Découvrez-en plus au sujet du legs de la Nation Shinnecock et de sa connection avec la mer (en anglais seulement).

Illustration vectorielle comprenant un assortiment d'éléments liés à la recherche et à la communication, divisés par des formes rectangulaires rouges, blanches et bleues. Les mots "10 000 expérimentations" sont écrits en noir sur un fond blanc croche.
Vous souhaitez entendre d'autres chercheurs et chercheuses parler de ce qui suscite leur curiosité, de ce qui les pousse à persévérer et à réussir?

Animateur :

Ceci est un balado de la Fondation canadienne pour l’innovation.

(Musique d’ouverture)

Bonjour et bienvenue à « 10,000 expérimentations ». Ce baladodiffusion traite de travaux scientifiques de pointe et des joies de la découverte.

Nous nous sommes inspirés de Thomas Edison, qui aurait dit que toutes ses tentatives n’avaient pas été des échecs, mais 10 000 façons de faire, qui n’avaient pas bien fonctionné.

(Fin de la musique d’ouverture)

(EFFETS SONORES)

Kelsey Leonard :

Aquay, wunne kesuk. Salut. Bonjour. Je suis ravie d'être parmi vous. Je m'appelle Kelsey Leonard. Je suis professeure adjointe et titulaire de la chaire de recherche du Canada sur les eaux, le climat et la durabilité pour les populations autochtones à l'Université de Waterloo et je suis une citoyenne inscrite de la Nation Shinnecock. Notre territoire traditionnel se situe à l'extrémité est de Long Island.

(EFFETS SONORES)

Animateur :

La Fondation canadienne pour l'innovation est un organisme canadien de financement de la recherche. L'Université de Waterloo est bénéficiaire d'un financement de la FCI et Kelsey Leonard, chercheuse dans cet établissement, est juriste et spécialiste de l'eau. Kelsey a fondé et dirige aujourd'hui le Laboratoire Wampum de l'Université de Waterloo, un laboratoire scientifique autochtone qui se penche sur la justice en matière d'océan, d'eau et de climat. Ce qui est tout à fait approprié, car bien avant de faire du Canada son chez elle, elle habitait les rives rocailleuses de Long Island, dans l'État de New York, qui font face à l'Atlantique.

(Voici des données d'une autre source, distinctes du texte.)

lemma degree_pos_if_reachable:
  assumes "finite E" "reachable E v w" "v \<noteq> w"
  shows "1 \<le> degree E v"
proof -
  obtain y where "{v, y} \<in> E"
    using assms(2,3) unfolding reachable_def by (auto elim: converse_rtranclE simp: adj_def)
  then have "{e\<in>E. v \<in> e} \<noteq> {}" by blast
  then show ?thesis
    using assms(1) unfolding degree_def by (simp add: Suc_le_eq card_gt_0_iff)
qed

lemma degree_mono: "finite E \<Longrightarrow> E0 \<subseteq> E \<Longrightarrow> degree E0 v \<le> degree E v"
  unfolding degree_def by (rule card_mono) auto

lemma degree_insert:
  "finite E \<Longrightarrow> e \<notin> E \<Longrightarrow> v \<in> e \<Longrightarrow> degree (insert e E) v = degree E v + 1"
proof -
  assume "finite E" "e \<notin> E" "v \<in> e"
  then have "{x\<in>insert e E. v \<in> x} = insert e {x\<in>E. v \<in> x}" "e \<notin> {x\<in>E. v \<in> x}" by auto
  then show ?thesis using \<open>finite E\<close> unfolding degree_def by simp
qed

section \<open>Trees grown leaf by leaf\<close>

inductive leaf_tree :: "'a set \<Rightarrow> 'a set set \<Rightarrow> bool" where
  single: "leaf_tree {v} {}"
| add_leaf: "leaf_tree V E \<Longrightarrow> l \<notin> V \<Longrightarrow> u \<in> V \<Longrightarrow> leaf_tree (insert l V) (insert {l, u} E)"

lemma leaf_tree_graph: "leaf_tree V E \<Longrightarrow> graph V E"
proof (induction rule: leaf_tree.induct)
  case (add_leaf V E l u)
  then have "l \<noteq> u" by blast
  then have "card {l, u} = 2" by simp
  with add_leaf show ?case unfolding graph_def by auto
qed (simp add: graph_def)

lemma leaf_tree_card_edges: "leaf_tree V E \<Longrightarrow> card E + 1 = card V"
proof (induction rule: leaf_tree.induct)
  case (add_leaf V E l u)
  have "graph V E" by (rule leaf_tree_graph[OF add_leaf.hyps(1)])
  then have "finite V" "finite E" "{l, u} \<notin> E"
    using add_leaf.hyps(2) graph_finite_edges unfolding graph_def by auto
  with add_leaf show ?case by simp
qed simp

lemma leaf_tree_connected: "leaf_tree V E \<Longrightarrow> connected_graph V E"
proof (induction rule: leaf_tree.induct)
  case (add_leaf V E l u)
  have "reachable (insert {l, u} E) u x" if "x \<in> insert l V" for x
  proof (cases "x = l")
    case True
    then show ?thesis by (simp add: reachable_edge insert_commute)
  next
    case False
    with that add_leaf.IH add_leaf.hyps(3) show ?thesis
      unfolding connected_graph_def by (metis insertE reachable_mono subset_insertI)
  qed
  then show ?case
    unfolding connected_graph_def by (blast intro: reachable_trans[OF reachable_sym])
qed (simp add: connected_graph_def)

lemma leaf_tree_degree_pos:
  assumes "leaf_tree V E" "2 \<le> card V" "v \<in> V"
  shows "1 \<le> degree E v"
proof -
  have "V \<noteq> {v}" using assms(2) by auto
  then obtain w where "w \<in> V" "w \<noteq> v" using assms(3) by blast
  then show ?thesis
    using assms leaf_tree_connected[OF assms(1)] graph_finite_edges[OF leaf_tree_graph[OF assms(1)]]
    unfolding connected_graph_def by (blast intro: degree_pos_if_reachable)
qed

lemma leaf_tree_glue:
  "leaf_tree B EB \<Longrightarrow> leaf_tree A EA \<Longrightarrow> A \<inter> B = {} \<Longrightarrow> a \<in> A \<Longrightarrow> b \<in> B
   \<Longrightarrow> leaf_tree (A \<union> B) (insert {a, b} (EA \<union> EB))"
proof (induction arbitrary: A EA a b rule: leaf_tree.induct)
  case (single v)
  then have "leaf_tree (insert v A) (insert {v, a} EA)"
    by (blast intro: leaf_tree.add_leaf)
  moreover have "A \<union> {v} = insert v A" "insert {a, b} (EA \<union> {}) = insert {v, a} EA"
    using single by auto
  ultimately show ?case by simp
next
  case (add_leaf B EB l u)
  show ?case
  proof (cases "b = l")
    case True
    have "leaf_tree (insert l A) (insert {l, a} EA)"
      using add_leaf.prems by (blast intro: leaf_tree.add_leaf)
    then have "leaf_tree (insert l A \<union> B) (insert {l, u} (insert {l, a} EA \<union> EB))"
      using add_leaf by (intro add_leaf.IH) auto
    moreover have "insert {a, b} (EA \<union> insert {l, u} EB) = insert {l, u} (insert {l, a} EA \<union> EB)"
      using True by (auto simp: insert_commute)
    ultimately show ?thesis by (simp add: insert_commute)
  next
    case False
    then have "leaf_tree (A \<union> B) (insert {a, b} (EA \<union> EB))"
      using add_leaf by (intro add_leaf.IH) auto
    then have "leaf_tree (insert l (A \<union> B)) (insert {l, u} (insert {a, b} (EA \<union> EB)))"
      using add_leaf by (intro leaf_tree.add_leaf) auto
    then show ?thesis by (simp add: insert_commute)
  qed
qed
lemma incentive_compatible_imp_conditions:
  assumes mech: "mechanism f1 f2"
    and lin: "\<forall>v\<in>typesV. \<forall>k\<in>typesK. f1 v k = k * f2 v k"
    and ic: "incentive_compatible f1 f2 p"
    and v: "v \<in> typesV" and k: "k \<in> typesK"
  shows "\<forall>v'\<in>typesV. v' > v \<longrightarrow> f2 v k \<le> f2 v' k"
    and "p v k = p 0 1 + v * f2 v k - integral {0..v} (\<lambda>t. f2 t k)"
    and "\<forall>k'\<in>typesK. k' > k \<longrightarrow>
      integral {0..v} (\<lambda>t. f2 t k') \<le> integral {0..v} (\<lambda>t. f2 t k)"
    and "\<forall>k'\<in>typesK. k' > k \<longrightarrow>
      integral {0..v * k / k'} (\<lambda>t. f2 t k) \<le> integral {0..v} (\<lambda>t. f2 t k')"
proof -
  have report: "v * min (k' / k) 1 * f2 w k' - p w k' \<le> v * f2 v k - p v k"
    if "v \<in> typesV" "k \<in> typesK" "w \<in> typesV" "k' \<in> typesK" for v k w k'
    using ic that unfolding incentive_compatible_iff_effective_value[OF mech lin] by blast
  have layer: "incentive_compatible_on {0..1} (\<lambda>t. f2 t k) (\<lambda>t. p t k)" if "k \<in> typesK" for k
    using report[OF _ that _ that] that
    by (auto simp: incentive_compatible_on_def typesV_def typesK_def)
  have "p 0 k = p 0 1" if "k \<in> typesK" for k
    using report[of 0 k 0 1] report[of 0 1 0 k] that by (simp add: typesV_def typesK_def)
  then have utility: "v * f2 v k - p v k = integral {0..v} (\<lambda>t. f2 t k) - p 0 1"
    if "v \<in> typesV" "k \<in> typesK" for v k
    using layer[OF that(2)] that unfolding incentive_compatible_on_iff_myerson typesV_def by simp
  show "\<forall>v'\<in>typesV. v' > v \<longrightarrow> f2 v k \<le> f2 v' k"
    using layer[OF k] v unfolding incentive_compatible_on_iff_myerson typesV_def
    by (auto intro: mono_onD)
  show "p v k = p 0 1 + v * f2 v k - integral {0..v} (\<lambda>t. f2 t k)"
    using utility[OF v k] by simp
  show "\<forall>k'\<in>typesK. k' > k \<longrightarrow>
      integral {0..v} (\<lambda>t. f2 t k') \<le> integral {0..v} (\<lambda>t. f2 t k)"
  proof (intro ballI impI)
    fix k' assume k': "k' \<in> typesK" and "k' > k"
    then have "min (k' / k) 1 = 1"
      using k by (simp add: typesK_def)
    then show "integral {0..v} (\<lambda>t. f2 t k') \<le> integral {0..v} (\<lambda>t. f2 t k)"
      using report[OF v k v k'] utility[OF v k] utility[OF v k'] by simp
  qed
  show "\<forall>k'\<in>typesK. k' > k \<longrightarrow>
      integral {0..v * k / k'} (\<lambda>t. f2 t k) \<le> integral {0..v} (\<lambda>t. f2 t k')"
  proof (intro ballI impI)
    fix k' assume k': "k' \<in> typesK" and "k' > k"
    then have w: "v * min (k / k') 1 = v * k / k'"
      using k by (simp add: typesK_def)
    moreover have "v * k / k' \<in> typesV"
      using min_ratio_in_typesV[OF v k' k] w by simp
    ultimately show "integral {0..v * k / k'} (\<lambda>t. f2 t k) \<le> integral {0..v} (\<lambda>t. f2 t k')"
      using report[OF v k' _ k, of "v * k / k'"] utility[OF _ k, of "v * k / k'"] utility[OF v k']
      by simp
  qed
qed
(* Let $A\in\mathbb{R}^{r\times n}$ ($r\le n$) have full row rank with singular values $\sigma_1\ge\dots\ge\sigma_r>0$, let $F\in\mathbb{R}^{K\times n}$ satisfy $FA^T\neq 0$, and let $D^*=FA^T(AA^T)^{-1}$. Define the spectral risk $\gamma=\|D^*\|_F^2\|A\|_F^2/\|D^*A\|_F^2$ and $\tilde\sigma_i^2=\sigma_i^2/\sum_{j=1}^r\sigma_j^2$. Then $\gamma\ge1$ and $$1\le\frac{1}{\tilde\sigma_1^2}\le\gamma\le\frac{1}{\tilde\sigma_r^2}.$$ Moreover $\gamma=1$ if and only if $r=1$.
   Context: $D^*$ is the minimizer of the linear regression problem $\min_D\|F-DA\|_F^2$; $F$ is an arbitrary target matrix. *)

theory Defs
  imports "HOL-Analysis.Analysis"
begin

definition frob_sq :: "real^'n^'m \<Rightarrow> real" where
  "frob_sq M = (\<Sum>i\<in>UNIV. \<Sum>j\<in>UNIV. (M $ i $ j)^2)"

text \<open>sv 1 \<ge> ... \<ge> sv r (r = number of rows) are the singular values of A,
  i.e. their squares are the eigenvalues (with multiplicity) of A A^T:
  A A^T = U diag(sv^2) U^T for some orthogonal U, after some enumeration e of the row index type.\<close>
definition singular_values :: "real^'n^'r \<Rightarrow> (nat \<Rightarrow> real) \<Rightarrow> bool" where
  "singular_values A sv \<longleftrightarrow>
     (\<forall>i\<in>{1..<CARD('r)}. sv (Suc i) \<le> sv i) \<and>
     (\<forall>i\<in>{1..CARD('r)}. 0 \<le> sv i) \<and>
     (\<exists>(e::'r \<Rightarrow> nat) (U::real^'r^'r). bij_betw e UNIV {1..CARD('r)} \<and> orthogonal_matrix U \<and>
        A ** transpose A = U ** (\<chi> i j. if i = j then (sv (e i))^2 else 0) ** transpose U)"

end

theory Submission imports Defs begin

text \<open>Diagonalise \<open>A A\<^sup>T = U \<Lambda> U\<^sup>T\<close> and put \<open>W = D U\<close>. If \<open>c\<^sub>k\<close> is the squared norm of the
  \<open>k\<close>-th column of \<open>W\<close>, then \<open>\<parallel>D\<parallel>\<^sup>2 = \<Sum> c\<^sub>k\<close>, \<open>\<parallel>D A\<parallel>\<^sup>2 = \<Sum> \<lambda>\<^sub>k c\<^sub>k\<close> and
  \<open>\<parallel>A\<parallel>\<^sup>2 = \<Sum> \<lambda>\<^sub>k\<close>, so \<open>\<gamma>\<close> is \<open>\<parallel>A\<parallel>\<^sup>2\<close> divided by a weighted mean of the eigenvalues
  \<open>\<lambda>\<^sub>k = \<sigma>\<^sub>k\<^sup>2\<close>. It therefore lies between \<open>\<parallel>A\<parallel>\<^sup>2/\<sigma>\<^sub>1\<^sup>2\<close> and \<open>\<parallel>A\<parallel>\<^sup>2/\<sigma>\<^sub>r\<^sup>2\<close>, which are the
  stated bounds because \<open>\<parallel>A\<parallel>\<^sup>2 = \<Sum> \<sigma>\<^sub>j\<^sup>2\<close>. The lower bound is at least \<open>1\<close>, with equality only if \<open>r = 1\<close>, in which
  case both bounds equal \<open>1\<close>.\<close>

definition diag_mat :: "('n \<Rightarrow> 'a::zero) \<Rightarrow> 'a^'n^'n" where
  "diag_mat l = (\<chi> i j. if i = j then l i else 0)"

lemma matrix_mul_diag_mat_component:
  "(M ** diag_mat l) $ i $ j = M $ i $ j * (l j :: 'a::semiring_1)"
  unfolding matrix_matrix_mult_def diag_mat_def by (simp add: if_distrib cong: if_cong)

lemma diag_mat_mult_diag_mat: "diag_mat l ** diag_mat l' = diag_mat (\<lambda>i. l i * (l' i :: 'a::semiring_1))"
  by (simp add: vec_eq_iff matrix_mul_diag_mat_component) (simp add: diag_mat_def)

lemma diag_mat_one: "diag_mat (\<lambda>_. 1) = mat 1"
  by (simp add: diag_mat_def mat_def)

lemma matrix_mul_left_zero: "0 ** B = (0 :: 'a::semiring_1^'n^'m)"
  by (simp add: matrix_matrix_mult_def vec_eq_iff)

lemma frob_sq_eq_trace: "frob_sq M = (\<Sum>i\<in>UNIV. (M ** transpose M) $ i $ i)"
  unfolding frob_sq_def matrix_matrix_mult_def transpose_def by (simp add: power2_eq_square)

lemma frob_sq_mult_orthogonal:
  assumes "orthogonal_matrix U"
  shows "frob_sq (M ** U) = frob_sq M"
proof -
  have "(M ** U) ** transpose (M ** U) = M ** (U ** transpose U) ** transpose M"
    by (simp add: matrix_transpose_mul matrix_mul_assoc)
  then have "(M ** U) ** transpose (M ** U) = M ** transpose M"
    using assms by (simp add: orthogonal_matrix_def)
  then show ?thesis by (simp add: frob_sq_eq_trace)
qed

lemma frob_sq_eq_sum_column_norms: "frob_sq M = (\<Sum>k\<in>UNIV. \<Sum>i\<in>UNIV. (M $ i $ k)\<^sup>2)"
  unfolding frob_sq_def by (rule sum.swap)

lemma trace_diag_congruence:
  "(\<Sum>i\<in>UNIV. (W ** diag_mat l ** transpose W) $ i $ i)
     = (\<Sum>k\<in>UNIV. l k * (\<Sum>i\<in>UNIV. (W $ i $ k)\<^sup>2 :: real))"
proof -
  have "(W ** diag_mat l ** transpose W) $ i $ i = (\<Sum>k\<in>UNIV. l k * (W $ i $ k)\<^sup>2)" for i
    unfolding matrix_matrix_mult_def[of "W ** _"]
    by (simp add: matrix_mul_diag_mat_component transpose_def power2_eq_square mult_ac)
  then have "(\<Sum>i\<in>UNIV. (W ** diag_mat l ** transpose W) $ i $ i)
      = (\<Sum>i\<in>UNIV. \<Sum>k\<in>UNIV. l k * (W $ i $ k)\<^sup>2)"
    by simp
  also have "\<dots> = (\<Sum>k\<in>UNIV. \<Sum>i\<in>UNIV. l k * (W $ i $ k)\<^sup>2)"
    by (rule sum.swap)
  finally show ?thesis
    by (simp add: sum_distrib_left)
qed

lemma frob_sq_mult_spectral:
  assumes "B ** transpose B = U ** diag_mat l ** transpose U"
  shows "frob_sq (M ** B) = (\<Sum>k\<in>UNIV. l k * (\<Sum>i\<in>UNIV. ((M ** U) $ i $ k)\<^sup>2))"
proof -
  have "(M ** B) ** transpose (M ** B) = M ** (B ** transpose B) ** transpose M"
    by (simp add: matrix_transpose_mul matrix_mul_assoc)
  also have "\<dots> = (M ** U) ** diag_mat l ** transpose (M ** U)"
    by (simp add: assms matrix_transpose_mul matrix_mul_assoc)
  finally show ?thesis
    by (simp add: frob_sq_eq_trace trace_diag_congruence)
qed

lemma orthogonal_matrix_column_norm:
  assumes "orthogonal_matrix (U :: real^'n^'n)"
  shows "(\<Sum>i\<in>UNIV. (U $ i $ k)\<^sup>2) = 1"
proof -
  have "(transpose U ** U) $ k $ k = 1"
    using assms by (simp add: orthogonal_matrix_def mat_def)
  then show ?thesis
    unfolding matrix_matrix_mult_def transpose_def by (simp add: power2_eq_square)
qed

lemma frob_sq_spectral:
  assumes "orthogonal_matrix U" and "B ** transpose B = U ** diag_mat l ** transpose U"
  shows "frob_sq B = sum l UNIV"
  using frob_sq_mult_spectral[OF assms(2), of "mat 1"] orthogonal_matrix_column_norm[OF assms(1)]
  by simp

lemma invertible_orthogonal_diag_congruence:
  assumes "orthogonal_matrix (U :: real^'n^'n)" and "\<And>k. l k \<noteq> 0"
  shows "invertible (U ** diag_mat l ** transpose U)"
proof -
  have "(U ** diag_mat l ** transpose U) ** (U ** diag_mat (\<lambda>k. 1 / l k) ** transpose U)
          = U ** (diag_mat l ** (transpose U ** U) ** diag_mat (\<lambda>k. 1 / l k)) ** transpose U"
    by (simp add: matrix_mul_assoc)
  also have "\<dots> = mat 1"
    using assms by (simp add: orthogonal_matrix_def diag_mat_mult_diag_mat diag_mat_one)
  finally show ?thesis
    unfolding invertible_def using matrix_left_right_inverse by blast
qed

lemma weighted_sum_bounds:
  fixes l c :: "'a \<Rightarrow> real"
  assumes "\<And>k. k \<in> K \<Longrightarrow> m \<le> l k \<and> l k \<le> M" and "\<And>k. k \<in> K \<Longrightarrow> 0 \<le> c k"
  shows "m * sum c K \<le> (\<Sum>k\<in>K. l k * c k)" and "(\<Sum>k\<in>K. l k * c k) \<le> M * sum c K"
  unfolding sum_distrib_left using assms by (auto intro!: sum_mono mult_right_mono)

lemma ratio_bounds:
  fixes C S Q m M :: real
  assumes "0 < C" and "0 < m" and "m * C \<le> Q" and "Q \<le> M * C" and "0 \<le> S"
  shows "S / M \<le> C * S / Q" and "C * S / Q \<le> S / m"
proof -
  have "0 < Q"
    using assms by (smt (verit) mult_pos_pos)
  moreover have "0 < M"
    using assms by (smt (verit) mult_le_cancel_right)
  moreover have "m * C * S \<le> Q * S" and "Q * S \<le> M * C * S"
    using assms by (simp_all add: mult_right_mono)
  ultimately show "S / M \<le> C * S / Q" and "C * S / Q \<le> S / m"
    using assms by (simp_all add: divide_simps mult_ac)
qed

lemma frob_sq_ratio_bounds:
  fixes A :: "real^'n^'r" and D :: "real^'r^'k"
  assumes "orthogonal_matrix U" and "A ** transpose A = U ** diag_mat l ** transpose U"
    and "0 < m" and "\<And>k. m \<le> l k \<and> l k \<le> M" and "D \<noteq> 0"
  shows "frob_sq A / M \<le> frob_sq D * frob_sq A / frob_sq (D ** A)"
    and "frob_sq D * frob_sq A / frob_sq (D ** A) \<le> frob_sq A / m"
proof -
  define c where "c k = (\<Sum>i\<in>UNIV. ((D ** U) $ i $ k)\<^sup>2)" for k
  have c_nonneg: "0 \<le> c k" for k
    unfolding c_def by (simp add: sum_nonneg)
  have "D ** U \<noteq> 0"
    using assms(1,5) by (metis matrix_mul_assoc matrix_mul_rid orthogonal_matrix_def matrix_mul_left_zero)
  then obtain i k where "(D ** U) $ i $ k \<noteq> 0"
    by (metis vec_eq_iff zero_index)
  then have "0 < c k"
    unfolding c_def by (intro sum_pos2[of _ i]) auto
  then have C_pos: "0 < sum c UNIV"
    using c_nonneg by (intro sum_pos2[of _ k]) auto
  have D_eq: "frob_sq D = sum c UNIV"
    using frob_sq_mult_orthogonal[OF assms(1), of D] by (simp add: c_def frob_sq_eq_sum_column_norms)
  have DA_eq: "frob_sq (D ** A) = (\<Sum>k\<in>UNIV. l k * c k)"
    using frob_sq_mult_spectral[OF assms(2)] by (simp add: c_def)
  have "m * sum c UNIV \<le> frob_sq (D ** A)" "frob_sq (D ** A) \<le> M * sum c UNIV"
    unfolding DA_eq using weighted_sum_bounds[of UNIV m l M c] assms(4) c_nonneg by auto
  moreover have "0 \<le> frob_sq A"
    by (simp add: frob_sq_def sum_nonneg)
  ultimately show "frob_sq A / M \<le> frob_sq D * frob_sq A / frob_sq (D ** A)"
    and "frob_sq D * frob_sq A / frob_sq (D ** A) \<le> frob_sq A / m"
    unfolding D_eq using ratio_bounds[OF C_pos assms(3)] by auto
qed

lemma decreasing_steps_imp_le:
  assumes "\<forall>i\<in>{1..<N}. s (Suc i) \<le> (s i :: 'a::preorder)" and "1 \<le> i" and "i \<le> j" and "j \<le> N"
  shows "s j \<le> s i"
  using assms(3,4)
proof (induction j rule: dec_induct)
  case base
  then show ?case by simp
next
  case (step j)
  then have "s (Suc j) \<le> s j"
    using assms(1,2) by simp
  with step show ?case
    using order_trans by fastforce
qed

lemma singular_values_spectral_decomposition:
  fixes A :: "real^'n^'r"
  assumes "singular_values A sv"
  obtains U :: "real^'r^'r" and l
  where "orthogonal_matrix U" and "A ** transpose A = U ** diag_mat l ** transpose U"
    and "\<And>k. (sv CARD('r))\<^sup>2 \<le> l k \<and> l k \<le> (sv 1)\<^sup>2"
    and "sum l UNIV = (\<Sum>j=1..CARD('r). (sv j)\<^sup>2)"
proof -
  obtain e :: "'r \<Rightarrow> nat" and U :: "real^'r^'r"
    where e: "bij_betw e UNIV {1..CARD('r)}" and "orthogonal_matrix U"
      and AU: "A ** transpose A = U ** diag_mat (\<lambda>k. (sv (e k))\<^sup>2) ** transpose U"
    using assms unfolding singular_values_def diag_mat_def by blast
  have "(sv CARD('r))\<^sup>2 \<le> (sv (e k))\<^sup>2 \<and> (sv (e k))\<^sup>2 \<le> (sv 1)\<^sup>2" for k
  proof -
    have ek: "e k \<in> {1..CARD('r)}"
      using e bij_betwE by blast
    then have "sv CARD('r) \<le> sv (e k)" "sv (e k) \<le> sv 1"
      using assms decreasing_steps_imp_le[of "CARD('r)" sv] unfolding singular_values_def by auto
    moreover have "0 \<le> sv CARD('r)"
      using assms unfolding singular_values_def by (simp add: Suc_leI)
    ultimately show ?thesis
      by (meson order_trans power_mono)
  qed
  moreover have "(\<Sum>k\<in>UNIV. (sv (e k))\<^sup>2) = (\<Sum>j=1..CARD('r). (sv j)\<^sup>2)"
    using sum.reindex_bij_betw[OF e] by simp
  ultimately show ?thesis
    using that \<open>orthogonal_matrix U\<close> AU by blast
qed

lemma sum_div_first_ge_one:
  fixes s :: "nat \<Rightarrow> real"
  assumes "1 \<le> N" and "\<And>j. j \<in> {1..N} \<Longrightarrow> 0 < s j"
  shows "1 \<le> (\<Sum>j=1..N. s j) / s 1" and "(\<Sum>j=1..N. s j) / s 1 = 1 \<longleftrightarrow> N = 1"
proof -
  have split: "(\<Sum>j=1..N. s j) = s 1 + (\<Sum>j=2..N. s j)"
    using assms(1) by (simp add: sum.atLeast_Suc_atMost numeral_2_eq_2)
  have "0 < s 1"
    using assms by simp
  moreover have "0 \<le> (\<Sum>j=2..N. s j)"
    using assms(2) by (intro sum_nonneg) (simp add: less_imp_le)
  moreover have "0 < (\<Sum>j=2..N. s j)" if "N \<noteq> 1"
    using assms that by (intro sum_pos2[of _ 2]) (auto simp: less_imp_le)
  ultimately show "1 \<le> (\<Sum>j=1..N. s j) / s 1" and "(\<Sum>j=1..N. s j) / s 1 = 1 \<longleftrightarrow> N = 1"
    unfolding split by (force simp: field_simps)+
qed

lemma matrix_inv_mult_left:
  assumes "invertible M"
  shows "matrix_inv M ** M = mat 1"
  using someI_ex[OF assms[unfolded invertible_def]] unfolding matrix_inv_def by blast

lemma matrix_mult_matrix_inv_nonzero:
  assumes "invertible G" and "B \<noteq> 0"
  shows "B ** matrix_inv G \<noteq> 0"
proof
  assume "B ** matrix_inv G = 0"
  then have "B ** (matrix_inv G ** G) = 0"
    by (simp add: matrix_mul_assoc matrix_mul_left_zero)
  with assms show False
    by (simp add: matrix_inv_mult_left)
qed

theorem proposition4:
  fixes A :: "real^'n^'r" and F :: "real^'n^'k" and sv :: "nat \<Rightarrow> real"
  assumes "CARD('r) \<le> CARD('n)"
    and "rank A = CARD('r)"
    and "singular_values A sv"
    and "\<forall>i\<in>{1..CARD('r)}. sv i > 0"
    and "F ** transpose A \<noteq> 0"
  shows "let D = F ** transpose A ** matrix_inv (A ** transpose A);
             \<gamma> = frob_sq D * frob_sq A / frob_sq (D ** A);
             st = (\<lambda>i. (sv i)^2 / (\<Sum>j=1..CARD('r). (sv j)^2))
         in \<gamma> \<ge> 1 \<and> 1 \<le> 1 / st 1 \<and> 1 / st 1 \<le> \<gamma> \<and> \<gamma> \<le> 1 / st (CARD('r)) \<and>
            (\<gamma> = 1 \<longleftrightarrow> CARD('r) = 1)"
proof -
  define N where "N = CARD('r)"
  define S where "S = (\<Sum>j=1..N. (sv j)\<^sup>2)"
  define D where "D = F ** transpose A ** matrix_inv (A ** transpose A)"
  define \<gamma> where "\<gamma> = frob_sq D * frob_sq A / frob_sq (D ** A)"
  obtain U l where U: "orthogonal_matrix U" and AU: "A ** transpose A = U ** diag_mat l ** transpose U"
    and l: "\<And>k. (sv N)\<^sup>2 \<le> l k \<and> l k \<le> (sv 1)\<^sup>2" and "sum l UNIV = S"
    using singular_values_spectral_decomposition[OF assms(3)] unfolding N_def S_def by metis
  have "1 \<le> N"
    by (simp add: N_def Suc_leI)
  have sv_sq_pos: "0 < (sv j)\<^sup>2" if "j \<in> {1..N}" for j
    using assms(4) that unfolding N_def by (blast intro: zero_less_power)
  have "invertible (A ** transpose A)"
    unfolding AU using invertible_orthogonal_diag_congruence[OF U] l sv_sq_pos[of N] \<open>1 \<le> N\<close>
    by (metis atLeastAtMost_iff order.refl not_le)
  then have "D \<noteq> 0"
    unfolding D_def using assms(5) by (rule matrix_mult_matrix_inv_nonzero)
  then have bounds: "S / (sv 1)\<^sup>2 \<le> \<gamma>" "\<gamma> \<le> S / (sv N)\<^sup>2"
    using frob_sq_ratio_bounds[OF U AU _ l] frob_sq_spectral[OF U AU] \<open>sum l UNIV = S\<close>
      sv_sq_pos[of N] \<open>1 \<le> N\<close> unfolding \<gamma>_def by simp_all
  note ratio = sum_div_first_ge_one[where s = "\<lambda>j. (sv j)\<^sup>2", OF \<open>1 \<le> N\<close> sv_sq_pos, folded S_def]
  have "\<gamma> = 1 \<longleftrightarrow> N = 1"
  proof
    assume "\<gamma> = 1"
    then show "N = 1"
      using bounds(1) ratio by (metis order_antisym)
  next
    assume "N = 1"
    then have "S / (sv N)\<^sup>2 = S / (sv 1)\<^sup>2" and "S / (sv 1)\<^sup>2 = 1"
      using ratio(2) by auto
    then show "\<gamma> = 1"
      using bounds by linarith
  qed
  then show ?thesis
    using bounds ratio
    unfolding Let_def N_def[symmetric] S_def[symmetric] D_def[symmetric] \<gamma>_def[symmetric]
    by simp
qed

end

(EFFETS SONORES : Vagues et mouettes)

Kelsey Leonard :

Notre territoire actuel est situé juste à côté de l'océan Atlantique, nous vivons donc sur une péninsule entourée d'eau. Nous sommes des gens de la baie. Nous sommes des pêcheurs. Nous sommes historiquement connus pour avoir été parmi les baleiniers et les marins les plus renommés au monde.

Dans notre langue, Shinnecock signifie en fait « Peuple des rives rocailleuses » et je pense donc que nos ancêtres avaient une vision clé de ce que signifiait le fait de s'appeler ainsi,

(EFFETS SONORES)

en termes de protection du littoral, de protection de l'eau, de compréhension du privilège que nous avons d'être des peuples côtiers et du fait que ce privilège s'accompagne de devoirs et de responsabilités en matière d'entretien et d'intendance, etc.

(Début d’un morceau de musique)

Beaucoup de gens me demandent souvent, en tant que scientifique de l'eau, si j’ai su dès mon plus jeune âge que je voulais étudier l'eau ou que je voulais faire ce travail. Je pense que j'ai toujours été une personne d'eau. Je suis née dans un lieu et une communauté aquatiques. Mais je ne pense pas avoir su tout ça très tôt. Vous savez, si vous m'aviez demandé il y a 15 ans, si j’allais devenir une scientifique de l'eau dans le milieu universitaire, je ne pense pas que j'aurais répondu cela. En fait, je me souviens très bien pendant mes études de premier cycle , eh bien je me disais : « Je ne vais pas être l'une de ces personnes qui restent dans le milieu universitaire et qui sont si déconnectées. Pourtant, je suis restée dans le milieu universitaire. En revanche, fidèle à mes idées de jeunesse, je ne suis pas déconnectée. »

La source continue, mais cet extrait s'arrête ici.